La religion contribue aussi à marquer et à protéger le territoire de la cité. Non seulement les Spartiates semblent accorder plus d’importance que les autres Grecs aux sacrifices qui accompagnent le passage de la frontière, mais leur sensibilité à la protection divine des espaces les pousse à honorer les dieux des cités qu’ils combattent ou traversent. Leur propre territoire est non seulement entouré «par une sorte de glacis protecteur» (p.197) que dessinent les sanctuaires, mais il est surtout animé par les dynamiques qu’instaurent les jeux de miroirs et les dédoublements entre les différents hiera : il est ainsi fréquent qu’un sanctuaire aux limites de la cité ait un “répondant” au centre. En outre la polarisation de l’espace est accentuée par l’installation, au cœur de la cité, des tombes des morts glorieux qui fonctionnent comme des reliques (p.191). La religion imprègne aussi le temps de la cité, comme de l’individu. La vie des Spartiates est ainsi rythmée par des fêtes qui s’intègrent dans un calendrier cosmique et scandent les moments importants de la vie. C’est ainsi toute la vie des citoyens, à la maison, comme dans la cité, qui est placée sous le regard scrutateur et protecteur des dieux.

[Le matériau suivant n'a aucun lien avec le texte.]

lemma gen_inv_real:
  assumes t: "0 \<le> t" "t \<le> 1" and fin: "gen_inv \<psi> t \<noteq> \<infinity>"
  obtains r where "0 \<le> r" "gen_inv \<psi> t = ereal r" "\<psi> r = t"
proof -
  define S where "S = {x. 0 \<le> x \<and> \<psi> x \<le> t}"
  have cont: "continuous_on {0..} \<psi>" and "\<psi> 0 = 1"
    using gen unfolding archimedean_generator_def by blast+
  have "S \<noteq> {}" using fin by (auto simp: gen_inv_def S_def[symmetric] top_ereal_def)
  moreover have "closed S"
    using continuous_closed_preimage[OF cont, of "{..t}"] by (simp add: S_def Int_def)
  moreover have S_below: "bdd_below S" by (rule bdd_belowI[of _ 0]) (auto simp: S_def)
  ultimately have "Inf S \<in> S" using closed_contains_Inf by blast
  define r where "r = Inf S"
  have r: "0 \<le> r" "\<psi> r \<le> t" using \<open>Inf S \<in> S\<close> by (auto simp: S_def r_def)
  have "gen_inv \<psi> t = ereal r"
  proof (rule antisym)
    show "gen_inv \<psi> t \<le> ereal r"
      unfolding gen_inv_def S_def[symmetric] using \<open>Inf S \<in> S\<close>
      by (intro Inf_lower) (auto simp: r_def)
    show "ereal r \<le> gen_inv \<psi> t"
      unfolding gen_inv_def S_def[symmetric]
      by (rule Inf_greatest) (auto simp: r_def intro: cInf_lower[OF _ S_below])
  qed
  moreover have "\<psi> r = t"
  proof -
    obtain w where w: "0 \<le> w" "w \<le> r" "\<psi> w = t"
      using IVT2'[of \<psi> r t 0] r t \<open>\<psi> 0 = 1\<close> continuous_on_subset[OF cont, of "{0..r}"] by auto
    then have "r \<le> w" unfolding r_def by (intro cInf_lower[OF _ S_below]) (simp add: S_def)
    with w show ?thesis by simp
  qed
  ultimately show ?thesis using r that by blast
qed

lemma gen_inv_pos_real:
  assumes "0 < t" "t \<le> 1"
  obtains r where "0 \<le> r" "gen_inv \<psi> t = ereal r" "\<psi> r = t"
  using that gen_inv_real[OF less_imp_le[OF assms(1)] assms(2) gen_inv_finite[OF assms(1)]] by blast

lemma gen_ext_gen_inv:
  assumes "0 \<le> t" "t \<le> 1"
  shows "gen_ext \<psi> (gen_inv \<psi> t) = t"
proof (cases "gen_inv \<psi> t = \<infinity>")
  case True
  then have "t = 0" using gen_inv_finite[of t] assms by fastforce
  with True show ?thesis by (simp add: gen_ext_def)
next
  case False
  then obtain r where "gen_inv \<psi> t = ereal r" "\<psi> r = t" using gen_inv_real[OF assms] by blast
  then show ?thesis by (simp add: gen_ext_def)
qed

lemma gen_ext_nonneg: "0 \<le> e \<Longrightarrow> 0 \<le> gen_ext \<psi> e"
  by (cases e) (auto simp: gen_ext_def intro: generator_nonneg)

lemma gen_ext_antimono:
  assumes "0 \<le> e" "e \<le> e'"
  shows "gen_ext \<psi> e' \<le> gen_ext \<psi> e"
  using assms gen_ext_nonneg[OF assms(1)]
  by (cases e; cases e') (auto simp: gen_ext_def intro: generator_antimono)

end

lemma super_additive_sum:
  assumes sa: "super_additive g" and "0 \<le> g 0" and "finite I"
    and nonneg: "\<And>i. i \<in> I \<Longrightarrow> 0 \<le> s i"
  shows "(\<Sum>i\<in>I. g (s i)) \<le> g (\<Sum>i\<in>I. s i)"
  using \<open>finite I\<close> nonneg
proof (induction I rule: finite_induct)
  case (insert j I)
  have "(\<Sum>i\<in>insert j I. g (s i)) = g (s j) + (\<Sum>i\<in>I. g (s i))"
    using insert.hyps by (rule sum.insert)
  also have "\<dots> \<le> g (s j) + g (\<Sum>i\<in>I. s i)"
    using insert.IH insert.prems by (intro add_left_mono) blast
  also have "\<dots> \<le> g (s j + (\<Sum>i\<in>I. s i))"
    using sa insert.prems unfolding super_additive_def by (blast intro: sum_nonneg)
  also have "s j + (\<Sum>i\<in>I. s i) = (\<Sum>i\<in>insert j I. s i)"
    using insert.hyps by (rule sum.insert[symmetric])
  finally show ?case .
qed (use \<open>0 \<le> g 0\<close> in simp)

lemma archimedean_le_of_super_additive:
  assumes gen1: "archimedean_generator m1 \<psi>1" and gen2: "archimedean_generator m2 \<psi>2"
    and sa: "super_additive (\<lambda>x. gen_inv \<psi>2 (\<psi>1 x))" and "finite I"
    and v: "\<And>i. i \<in> I \<Longrightarrow> 0 \<le> v i \<and> v i \<le> 1"
  shows "gen_ext \<psi>1 (\<Sum>i\<in>I. gen_inv \<psi>1 (v i)) \<le> gen_ext \<psi>2 (\<Sum>i\<in>I. gen_inv \<psi>2 (v i))"
proof (cases "\<exists>i\<in>I. gen_inv \<psi>1 (v i) = \<infinity>")
  case True
  then have "gen_ext \<psi>1 (\<Sum>i\<in>I. gen_inv \<psi>1 (v i)) = 0"
    using \<open>finite I\<close> by (simp add: sum_Pinfty gen_ext_def)
  then show ?thesis by (simp add: gen_ext_nonneg[OF gen2] sum_nonneg gen_inv_nonneg)
next
  case False
  then have "\<forall>i\<in>I. \<exists>r\<ge>0. gen_inv \<psi>1 (v i) = ereal r \<and> \<psi>1 r = v i"
    using v gen_inv_real[OF gen1] by (metis (no_types, lifting))
  then obtain s where s: "\<And>i. i \<in> I \<Longrightarrow> 0 \<le> s i \<and> gen_inv \<psi>1 (v i) = ereal (s i) \<and> \<psi>1 (s i) = v i"
    by (metis (no_types, lifting))
  have lhs: "gen_ext \<psi>1 (\<Sum>i\<in>I. gen_inv \<psi>1 (v i)) = \<psi>1 (\<Sum>i\<in>I. s i)"
    using s by (simp add: gen_ext_def)
  have "(\<Sum>i\<in>I. gen_inv \<psi>2 (v i)) = (\<Sum>i\<in>I. gen_inv \<psi>2 (\<psi>1 (s i)))"
    using s by simp
  also have "\<dots> \<le> gen_inv \<psi>2 (\<psi>1 (\<Sum>i\<in>I. s i))"
    by (rule super_additive_sum[OF sa gen_inv_nonneg \<open>finite I\<close>]) (use s in auto)
  finally have "gen_ext \<psi>2 (gen_inv \<psi>2 (\<psi>1 (\<Sum>i\<in>I. s i))) \<le> gen_ext \<psi>2 (\<Sum>i\<in>I. gen_inv \<psi>2 (v i))"
    by (rule gen_ext_antimono[OF gen2 sum_nonneg[OF gen_inv_nonneg]])
  moreover have "gen_ext \<psi>2 (gen_inv \<psi>2 (\<psi>1 (\<Sum>i\<in>I. s i))) = \<psi>1 (\<Sum>i\<in>I. s i)"
    using s
    by (intro gen_ext_gen_inv[OF gen2] generator_nonneg[OF gen1] generator_le_1[OF gen1] sum_nonneg)
      auto
  ultimately show ?thesis using lhs by simp
qed
(* Let $b \geq 2$, $s \geq 1$ and $m \geq 1$ be integers, and let $\mathcal{P} = \{\boldsymbol{x}_0,\dots,\boldsymbol{x}_{b^m-1}\}$ be a family of $b^m$ points in $[0,1)^s$. Then $\mathcal{P}$ is $s$-admissible in base $b$ if and only if $\mathcal{P}$ is a $(0,m,s)$-net in base $b$. Moreover, $\mathcal{P}$ is not $d$-admissible in base $b$ for any integer $d < s$.
   Context: A $(0,m,s)$-net in base $b$ is a family of $b^m$ points in $[0,1)^s$ such that every interval $\prod_{i=1}^s [a_i b^{-d_i},(a_i+1)b^{-d_i})$ with $d_i \in \mathbb{N}_0$, $a_i \in \{0,\dots,b^{d_i}-1\}$ and volume $b^{-m}$ contains exactly one point of the family. Each $x \in [0,1)$ is written in its $b$-adic expansion $x = \sum_{i\geq 1} x_i b^{-i}$, $x_i \in \{0,\dots,b-1\}$ (not ending in infinitely many digits $b-1$). For $x, y \in [0,1)$, $x \ominus y = \sum_{i \geq 1} z_i b^{-i}$ with $z_i \equiv x_i - y_i \pmod b$, $z_i \in\{0,\dots,b-1\}$. For $z = \sum_{i\geq1} z_i b^{-i}$ with $z_1=\dots=z_k=0$ and $z_{k+1}\neq 0$, set $\|z\|_b = b^{-(k+1)}$, and $\|z\|_b = 0$ if all digits vanish. For points $\boldsymbol{x}=(x^{(1)},\dots,x^{(s)})$, $\boldsymbol{y}$, let $\boldsymbol{x}\ominus\boldsymbol{y} = (x^{(1)}\ominus y^{(1)},\dots,x^{(s)}\ominus y^{(s)})$ and $\|\boldsymbol{z}\|_b = \prod_{j=1}^s \|z^{(j)}\|_b$. For an integer $d$, the family $\mathcal{P}$ is $d$-admissible in base $b$ if $\min_{0 \leq k < n < b^m} \|\boldsymbol{x}_n \ominus \boldsymbol{x}_k\|_b > b^{-(m+d)}$. *)

theory Defs
  imports Complex_Main
begin

text \<open>i-th b-adic digit (i >= 1) of x in [0,1); the floor-based digit never
  yields an expansion ending in infinitely many digits b-1.\<close>
definition bdigit :: "nat \<Rightarrow> real \<Rightarrow> nat \<Rightarrow> nat" where
  "bdigit b x i = nat \<lfloor>x * real b ^ i\<rfloor> mod b"

text \<open>The quantity norm_b(x minus_b y): z_i = (x_i - y_i) mod b vanishes iff x_i = y_i,
  so the first nonzero digit of z is the first index where the digits of x and y differ.\<close>
definition ominus_norm :: "nat \<Rightarrow> real \<Rightarrow> real \<Rightarrow> real" where
  "ominus_norm b x y =
     (if \<forall>i\<ge>1. bdigit b x i = bdigit b y i then 0
      else 1 / real b ^ (LEAST i. 1 \<le> i \<and> bdigit b x i \<noteq> bdigit b y i))"

definition pnorm :: "nat \<Rightarrow> nat \<Rightarrow> (nat \<Rightarrow> real) \<Rightarrow> (nat \<Rightarrow> real) \<Rightarrow> real" where
  "pnorm b s X Y = (\<Prod>j<s. ominus_norm b (X j) (Y j))"

definition admissible :: "nat \<Rightarrow> nat \<Rightarrow> nat \<Rightarrow> int \<Rightarrow> (nat \<Rightarrow> nat \<Rightarrow> real) \<Rightarrow> bool" where
  "admissible b m s d x \<longleftrightarrow>
     Min {pnorm b s (x n) (x k) | k n. k < n \<and> n < b ^ m} > real b powi (- (int m + d))"

text \<open>(0,m,s)-net in base b: every elementary interval of volume b^(-m) contains exactly
  one point of the family (counted with index). Volume b^(-m) iff sum of d_j = m.\<close>
definition is_net :: "nat \<Rightarrow> nat \<Rightarrow> nat \<Rightarrow> (nat \<Rightarrow> nat \<Rightarrow> real) \<Rightarrow> bool" where
  "is_net b m s x \<longleftrightarrow>
     (\<forall>dd a. (\<forall>j<s. a j < b ^ dd j) \<and> (\<Sum>j<s. dd j) = m \<longrightarrow>
        card {n. n < b ^ m \<and>
                 (\<forall>j<s. real (a j) / real b ^ dd j \<le> x n j \<and>
                        x n j < (real (a j) + 1) / real b ^ dd j)} = 1)"

end

theory Submission
  imports Defs "HOL-Library.FuncSet"
begin

text \<open>Let bcell b x k = \<lfloor>x b^k\<rfloor> be the index of the b-adic interval of length b^-k
  containing x. For x, y in [0,1), the bound norm_b(x minus_b y) \<le> b^-(k+1) says that the first k
  digits agree, i.e. that x and y lie in the same such interval. Each factor of the product norm
  is 0 or of the form b^-(c+1), so norm_b(x_n minus_b x_k) \<le> b^-(t+s) holds iff for some
  resolutions d_1 + ... + d_s = t the two points share an elementary interval of that shape.
  For t = m this means: the family is s-admissible iff, for every shape of volume b^-m, distinct
  points lie in distinct intervals; as there are b^m points and b^m intervals of each shape, this
  is the net property. For d < s, the b^m points do not fit injectively into the b^(m-1)
  intervals of shape (m-1,0,...,0), which yields two points at distance at most
  b^-(m-1+s) \<le> b^-(m+d).\<close>

lemma inverse_power_le_iff: "1 < b \<Longrightarrow> 1 / real b ^ n \<le> 1 / real b ^ k \<longleftrightarrow> k \<le> n"
  by (simp add: divide_simps power_increasing_iff)

lemma prod_inverse_powers:
  fixes s :: nat
  shows "(\<Prod>j<s. 1 / real b ^ Suc (c j)) = 1 / real b ^ ((\<Sum>j<s. c j) + s)"
  by (induction s) (simp_all add: power_add)

lemma sum_split_below:
  fixes c :: "nat \<Rightarrow> nat" and s :: nat
  shows "t \<le> (\<Sum>j<s. c j) \<Longrightarrow> \<exists>dd. (\<Sum>j<s. dd j) = t \<and> (\<forall>j<s. dd j \<le> c j)"
proof (induction s arbitrary: t)
  case 0
  then show ?case by auto
next
  case (Suc s)
  show ?case
  proof (cases "t \<le> (\<Sum>j<s. c j)")
    case True
    then obtain dd where "(\<Sum>j<s. dd j) = t" "\<forall>j<s. dd j \<le> c j"
      using Suc.IH by blast
    then show ?thesis
      by (intro exI[of _ "dd(s := 0)"]) (auto simp: less_Suc_eq)
  next
    case False
    then show ?thesis using Suc.prems
      by (intro exI[of _ "c(s := t - (\<Sum>j<s. c j))"]) (auto simp: less_Suc_eq)
  qed
qed

lemma card_fibres_eq_1_iff_inj_on:
  assumes "finite B" "card A = card B" "f ` A \<subseteq> B"
  shows "(\<forall>y\<in>B. card {x\<in>A. f x = y} = 1) \<longleftrightarrow> inj_on f A"
proof
  assume fibres: "\<forall>y\<in>B. card {x\<in>A. f x = y} = 1"
  show "inj_on f A"
  proof (rule inj_onI)
    fix x x' assume "x \<in> A" "x' \<in> A" "f x = f x'"
    moreover from \<open>x \<in> A\<close> have "card {z\<in>A. f z = f x} = 1"
      using fibres assms(3) by blast
    then obtain z where "{z\<in>A. f z = f x} = {z}" by (rule card_1_singletonE)
    ultimately show "x = x'" by (metis (mono_tags, lifting) mem_Collect_eq singletonD)
  qed
next
  assume inj: "inj_on f A"
  then have image: "f ` A = B"
    using assms by (metis card_image card_subset_eq)
  show "\<forall>y\<in>B. card {x\<in>A. f x = y} = 1"
  proof
    fix y assume "y \<in> B"
    then obtain x where "x \<in> A" "y = f x" using image by blast
    then have "{z\<in>A. f z = y} = {x}" using inj by (auto dest: inj_onD)
    then show "card {x\<in>A. f x = y} = 1" by simp
  qed
qed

Enfin, si ce livre décrit un «système religieux complexe et cohérent» (p.18), il s’efforce aussi d’en montrer le dynamisme en recherchant systématiquement l’origine, la construction et l’évolution historique des différentes pratiques. De ce point de vue, c’est l’image d’une cité immobile et conservatrice qui est brisée par cette lecture. Au contraire, le système religieux y apparaît plutôt ouvert et en constant renouvellement. Ce livre, bien que synthétique, contribue donc à éclairer d’un jour nouveau la cité spartiate et s’adresse aussi bien aux chercheurs qu’à un public plus vaste.